Spaced Repetition is Checkpointing for Learning

tl;dr write flashcards when you read, drill them every day, and you get effective autodidactism without needing extreme executive functioning.

I love learning. But I’m also very scatterbrained. So in a typical year I would start reading dozens of textbooks on all sorts of different topics, make it one to three chapters in—and drop them. If I took notes, I’d forget to review them. So most of the effort was wasted. And if I later resumed a book, I had to start from scratch.

Even after starting an otherwise very successful ADHD treatment, this problem1 persisted. And while I haven’t entirely solved it, I have found a way to mitigate the downside and keep the upside.

The solution is spaced repetition. While reading each chapter of a technical book, I’ll write lots of spaced repetition flashcards. I rarely take long-form notes anymore, since those usually end up being just a scratchpad that I later rewrite into flashcards.

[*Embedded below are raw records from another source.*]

lemma of_real_Vbar_mult_vec_index:
  assumes v: "v \<in> carrier_vec n" and i: "i < n"
  shows "(map_mat complex_of_real (Vbar n lam z t) *\<^sub>v v) $ i
    = lam * v $ i + (\<Sum>s\<in>{1..<t}. z s $ i * (\<Sum>j<n. z s $ j * v $ j))"
proof -
  define S where "S = {1..<t}"
  have "(map_mat complex_of_real (Vbar n lam z t) *\<^sub>v v) $ i
      = (\<Sum>j<n. complex_of_real (Vbar n lam z t $$ (i, j)) * v $ j)"
    using v i by (simp add: mult_mat_vec_def scalar_prod_def atLeast0LessThan)
  also have "\<dots> = (\<Sum>j<n. (if i = j then lam * v $ j else 0)
      + (\<Sum>s\<in>S. z s $ i * (z s $ j * v $ j)))"
    using i by (intro sum.cong refl)
      (simp add: Vbar_index S_def of_real_sum distrib_right sum_distrib_right mult.assoc)
  also have "\<dots> = lam * v $ i + (\<Sum>s\<in>S. z s $ i * (\<Sum>j<n. z s $ j * v $ j))"
    using i by (simp add: sum.distrib sum.swap[of _ S] sum_distrib_left)
  finally show ?thesis
    unfolding S_def .
qed

lemma of_real_Vbar_hermitian_form:
  assumes v: "v \<in> carrier_vec n"
  shows "(\<Sum>i<n. cnj (v $ i) * (map_mat complex_of_real (Vbar n lam z t) *\<^sub>v v) $ i)
    = lam * (\<Sum>i<n. (cmod (v $ i))\<^sup>2) + (\<Sum>s\<in>{1..<t}. (cmod (\<Sum>j<n. z s $ j * v $ j))\<^sup>2)"
proof -
  define S where "S = {1..<t}"
  define w where "w s = (\<Sum>j<n. complex_of_real (z s $ j) * v $ j)" for s
  have "(\<Sum>i<n. cnj (v $ i) * (map_mat complex_of_real (Vbar n lam z t) *\<^sub>v v) $ i)
      = (\<Sum>i<n. complex_of_real lam * (cnj (v $ i) * v $ i))
        + (\<Sum>i<n. \<Sum>s\<in>S. (complex_of_real (z s $ i) * cnj (v $ i)) * w s)"
    using of_real_Vbar_mult_vec_index[OF v] unfolding S_def w_def
    by (simp add: sum.distrib distrib_left sum_distrib_left algebra_simps)
  also have "(\<Sum>i<n. \<Sum>s\<in>S. (complex_of_real (z s $ i) * cnj (v $ i)) * w s)
      = (\<Sum>s\<in>S. cnj (w s) * w s)"
    using cnj_sum[of _ "{..<n}"] unfolding w_def[of s for s]
    by (subst sum.swap) (simp add: sum_distrib_right)
  finally show ?thesis
    unfolding S_def w_def
    by (simp add: sum_distrib_left complex_norm_square[unfolded of_real_power] mult.commute)
qed

text \<open>
  The eigenvalue equation \<open>A v = e v\<close> paired with \<open>v\<^sup>*\<close> gives
  \<open>e \<parallel>v\<parallel>\<^sup>2 = \<lambda> \<parallel>v\<parallel>\<^sup>2 + \<Sum>\<^sub>s \<bar>z\<^sub>s\<^sup>T v\<bar>\<^sup>2\<close>.
\<close>
lemma Vbar_eigenvalue_pos:
  assumes lam: "lam > 0"
    and e: "eigenvalue (map_mat complex_of_real (Vbar n lam z t)) e"
  shows "\<exists>r>0. e = complex_of_real r"
proof -
  define A where "A = map_mat complex_of_real (Vbar n lam z t)"
  obtain v where "eigenvector A v e"
    using e unfolding eigenvalue_def A_def by blast
  then have v: "v \<in> carrier_vec n" and v0: "v \<noteq> 0\<^sub>v n" and Av: "A *\<^sub>v v = e \<cdot>\<^sub>v v"
    unfolding eigenvector_def A_def by auto
  define Nr where "Nr = (\<Sum>i<n. (cmod (v $ i))\<^sup>2)"
  define Sr where "Sr = (\<Sum>s\<in>{1..<t}. (cmod (\<Sum>j<n. z s $ j * v $ j))\<^sup>2)"
  have "(\<Sum>i<n. cnj (v $ i) * (A *\<^sub>v v) $ i) = e * complex_of_real Nr"
    using Av v unfolding Nr_def
    by (simp add: sum_distrib_left complex_norm_square[unfolded of_real_power] algebra_simps)
  then have eq: "e * complex_of_real Nr = complex_of_real (lam * Nr + Sr)"
    using of_real_Vbar_hermitian_form[OF v, of lam z t] unfolding A_def Nr_def Sr_def by simp
  obtain i where "i < n" "v $ i \<noteq> 0"
    using v v0 by (metis eq_vecI carrier_vecD index_zero_vec)
  then have Nr: "Nr > 0"
    unfolding Nr_def by (intro sum_pos2[of _ i]) auto
  have "Sr \<ge> 0"
    unfolding Sr_def by (simp add: sum_nonneg)
  then have "(lam * Nr + Sr) / Nr > 0"
    using Nr lam by (intro divide_pos_pos add_pos_nonneg mult_pos_pos)
  moreover have "e = complex_of_real ((lam * Nr + Sr) / Nr)"
    using eq Nr by (simp add: field_simps)
  ultimately show ?thesis by blast
qed

lemma det_Vbar_pos:
  assumes "lam > 0"
  shows "0 < det (Vbar n lam z t)"
proof -
  have "\<And>e. eigenvalue (map_mat complex_of_real (Vbar n lam z t)) e \<Longrightarrow> \<exists>r>0. e = complex_of_real r"
    by (rule Vbar_eigenvalue_pos[OF assms])
  then obtain rs where rs: "\<forall>r\<in>set rs. r > 0" and "det (Vbar n lam z t) = prod_list rs"
    using positive_real_spectrum[OF Vbar_carrier] by blast
  moreover have "0 < prod_list rs"
    using rs by (induction rs) auto
  ultimately show ?thesis
    by simp
qed

lemma Vbar_minv:
  assumes "lam > 0"
  shows "minv (Vbar n lam z t) \<in> carrier_mat n n" "Vbar n lam z t * minv (Vbar n lam z t) = 1\<^sub>m n"
  using minv_right_inverse[OF Vbar_carrier, of n lam z t] det_Vbar_pos[OF assms, of n z t]
  by simp_all

lemma two_scalar_prod_le:
  fixes v q :: "real vec"
  assumes v: "v \<in> carrier_vec n" and q: "q \<in> carrier_vec n" and lam: "lam > 0"
  shows "2 * (v \<bullet> q) \<le> (v \<bullet> v) / lam + lam * (q \<bullet> q)"
proof -
  have "2 * (v \<bullet> q) = (\<Sum>i<n. 2 * (v $ i * q $ i))"
    using q v by (simp add: scalar_prod_def atLeast0LessThan sum_distrib_left)
  also have "\<dots> \<le> (\<Sum>i<n. (v $ i * v $ i) / lam + lam * (q $ i * q $ i))"
  proof (rule sum_mono)
    fix i
    have "2 * lam * (v $ i * q $ i) \<le> v $ i * v $ i + lam * lam * (q $ i * q $ i)"
      using sum_squares_bound[of "v $ i" "lam * q $ i"]
      by (simp add: power2_eq_square algebra_simps)
    then show "2 * (v $ i * q $ i) \<le> (v $ i * v $ i) / lam + lam * (q $ i * q $ i)"
      using lam by (simp add: field_simps)
  qed
  also have "\<dots> = (v \<bullet> v) / lam + lam * (q \<bullet> q)"
    using q v by (simp add: scalar_prod_def atLeast0LessThan sum.distrib sum_distrib_left
        sum_divide_distrib)
  finally show ?thesis .
qed

lemma wnorm_sq_minv_Vbar_bounds:
  assumes lam: "lam > 0" and v: "v \<in> carrier_vec n"
  shows "0 \<le> wnorm_sq v (minv (Vbar n lam z t))"
    and "wnorm_sq v (minv (Vbar n lam z t)) \<le> (v \<bullet> v) / lam"
proof -
  define V where "V = Vbar n lam z t"
  define q where "q = minv V *\<^sub>v v"
  define y where "y = v \<bullet> q"
  have W: "minv V \<in> carrier_mat n n" and VW: "V * minv V = 1\<^sub>m n"
    using Vbar_minv[OF lam] unfolding V_def by auto
  have q: "q \<in> carrier_vec n"
    using W v q_def by simp
  have "V *\<^sub>v q = v"
    unfolding q_def using W v VW Vbar_carrier[of n lam z t] unfolding V_def[symmetric]
    by (simp add: assoc_mult_mat_vec[symmetric, of V n n "minv V" n v])
  then have "y = q \<bullet> (V *\<^sub>v q)"
    unfolding y_def using q v by (simp add: comm_scalar_prod[of q n])
  also have "\<dots> = lam * (q \<bullet> q) + (\<Sum>s\<in>{1..<t}. (z s \<bullet> q)\<^sup>2)"
    unfolding V_def by (rule Vbar_quadratic_form[OF q])
  finally have y_ge: "lam * (q \<bullet> q) \<le> y"
    by (simp add: sum_nonneg)
  have "2 * y \<le> (v \<bullet> v) / lam + lam * (q \<bullet> q)"
    unfolding y_def by (rule two_scalar_prod_le[OF v q lam])
  then have "y \<le> (v \<bullet> v) / lam"
    using y_ge by linarith
  moreover have "0 \<le> lam * (q \<bullet> q)"
    using lam by (simp add: scalar_prod_def sum_nonneg)
  ultimately show "0 \<le> wnorm_sq v (minv (Vbar n lam z t))"
    and "wnorm_sq v (minv (Vbar n lam z t)) \<le> (v \<bullet> v) / lam"
    using y_ge unfolding wnorm_sq_def y_def q_def V_def by linarith+
qed

lemma det_Vbar_Suc:
  assumes lam: "lam > 0" and z: "\<And>t. t \<in> {1..T} \<Longrightarrow> z t \<in> carrier_vec n"
  shows "det (Vbar n lam z (Suc T))
    = lam ^ n * (\<Prod>t = 1..T. 1 + wnorm_sq (z t) (minv (Vbar n lam z t)))"
  using z
proof (induction T)
  case 0
  then show ?case
    by (simp add: Vbar_1[unfolded One_nat_def])
next
  case (Suc T)
  have "det (Vbar n lam z (Suc (Suc T))) = det (Vbar n lam z (Suc T) + outer_mat n (z (Suc T)))"
    by (simp add: Vbar_Suc)
  also have "\<dots>
      = det (Vbar n lam z (Suc T)) * (1 + wnorm_sq (z (Suc T)) (minv (Vbar n lam z (Suc T))))"
    using Vbar_minv[OF lam] Suc.prems[of "Suc T"] unfolding wnorm_sq_def
    by (intro det_add_outer_mat) auto
  finally show ?case
    using Suc by simp
qed

lemma mat_trace_Vbar_Suc:
  assumes z: "\<And>t. t \<in> {1..T} \<Longrightarrow> z t \<in> carrier_vec n"
  shows "mat_trace (Vbar n lam z (Suc T)) = n * lam + (\<Sum>t = 1..T. z t \<bullet> z t)"
proof -
  have "mat_trace (Vbar n lam z (Suc T)) = (\<Sum>i<n. lam + (\<Sum>t = 1..T. z t $ i * z t $ i))"
    unfolding mat_trace_def
    by (intro sum.cong) (auto simp: Vbar_index atLeastLessThanSuc_atLeastAtMost)
  also have "\<dots> = n * lam + (\<Sum>t = 1..T. \<Sum>i<n. z t $ i * z t $ i)"
    by (simp add: sum.distrib sum.swap[of _ "{..<n}"])
  also have "(\<Sum>t = 1..T. \<Sum>i<n. z t $ i * z t $ i) = (\<Sum>t = 1..T. z t \<bullet> z t)"
    by (intro sum.cong refl) (simp add: scalar_prod_def atLeast0LessThan carrier_vecD[OF z])
  finally show ?thesis .
qed

section \<open>The elliptical potential lemma\<close>

lemma sum_ln_one_plus_wnorm_sq_le:
  assumes lam: "lam > 0" and n: "n > 0"
    and z: "\<And>t. t \<in> {1..T} \<Longrightarrow> z t \<in> carrier_vec n"
    and L: "\<And>t. t \<in> {1..T} \<Longrightarrow> z t \<bullet> z t \<le> L"
  shows "(\<Sum>t = 1..T. ln (1 + wnorm_sq (z t) (minv (Vbar n lam z t))))
    \<le> n * ln (1 + T * L / (n * lam))"
proof -
  define y where "y t = wnorm_sq (z t) (minv (Vbar n lam z t))" for t
  define V where "V = Vbar n lam z (Suc T)"
  define c where "c = T * L / (n * lam)"
  have y: "0 < 1 + y t" if "t \<in> {1..T}" for t
    unfolding y_def using wnorm_sq_minv_Vbar_bounds(1)[OF lam z[OF that], of z t] by linarith
  have "0 \<le> (\<Sum>t = 1..T. z t \<bullet> z t)"
    by (intro sum_nonneg) (simp add: scalar_prod_def sum_nonneg)
  moreover have "(\<Sum>t = 1..T. z t \<bullet> z t) \<le> T * L"
    using sum_mono[of "{1..T}" "\<lambda>t. z t \<bullet> z t" "\<lambda>_. L"] L by simp
  ultimately have tr: "0 \<le> mat_trace V" "mat_trace V \<le> n * lam + T * L" and c: "0 \<le> c"
    using mat_trace_Vbar_Suc[OF z, where lam = lam] lam n unfolding V_def c_def by simp_all
  have "lam ^ n * (\<Prod>t = 1..T. 1 + y t) = det V"
    using det_Vbar_Suc[OF lam z] unfolding y_def V_def by simp
  also have "\<dots> \<le> (mat_trace V / n) ^ n"
    unfolding V_def using n Vbar_eigenvalue_pos[OF lam] by (intro det_le_mat_trace_power) auto
  also have "\<dots> \<le> ((n * lam + T * L) / n) ^ n"
    using tr by (intro power_mono divide_right_mono) auto
  also have "(n * lam + T * L) / n = lam * (1 + c)"
    unfolding c_def using n lam by (simp add: field_simps)
  finally have "(\<Prod>t = 1..T. 1 + y t) \<le> (1 + c) ^ n"
    using lam by (simp add: power_mult_distrib)
  have "(\<Sum>t = 1..T. ln (1 + y t)) = ln (\<Prod>t = 1..T. 1 + y t)"
    using y by (intro ln_prod[symmetric]) force+
  also have "\<dots> \<le> ln ((1 + c) ^ n)"
    using \<open>(\<Prod>t = 1..T. 1 + y t) \<le> (1 + c) ^ n\<close> y c
    by (subst ln_le_cancel_iff) (auto intro: prod_pos)
  also have "\<dots> = n * ln (1 + c)"
    using c by (simp add: ln_realpow)
  finally show ?thesis
    unfolding y_def c_def .
qed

And then I drill them. And if priorities or life circumstances or distraction cause me to put a book down, I will remember what I read. And if, weeks or months later, I decide to resume the book, I am able to continue where I left off.

Making spaced repetition into a habit lets me have the best of both worlds: I can read widely and zero in on my special interest du jour, and drop it when the next interesting thing comes along, and still make tangible progress.

The next post will be about how I learnt to use spaced repetition effectively.

Footnotes

  1. And I don’t, entirely, see it as a problem. Broad, survey knowledge can be useful as the explore phase of explore-exploit, and not all knowledge is worth acquiring in depth.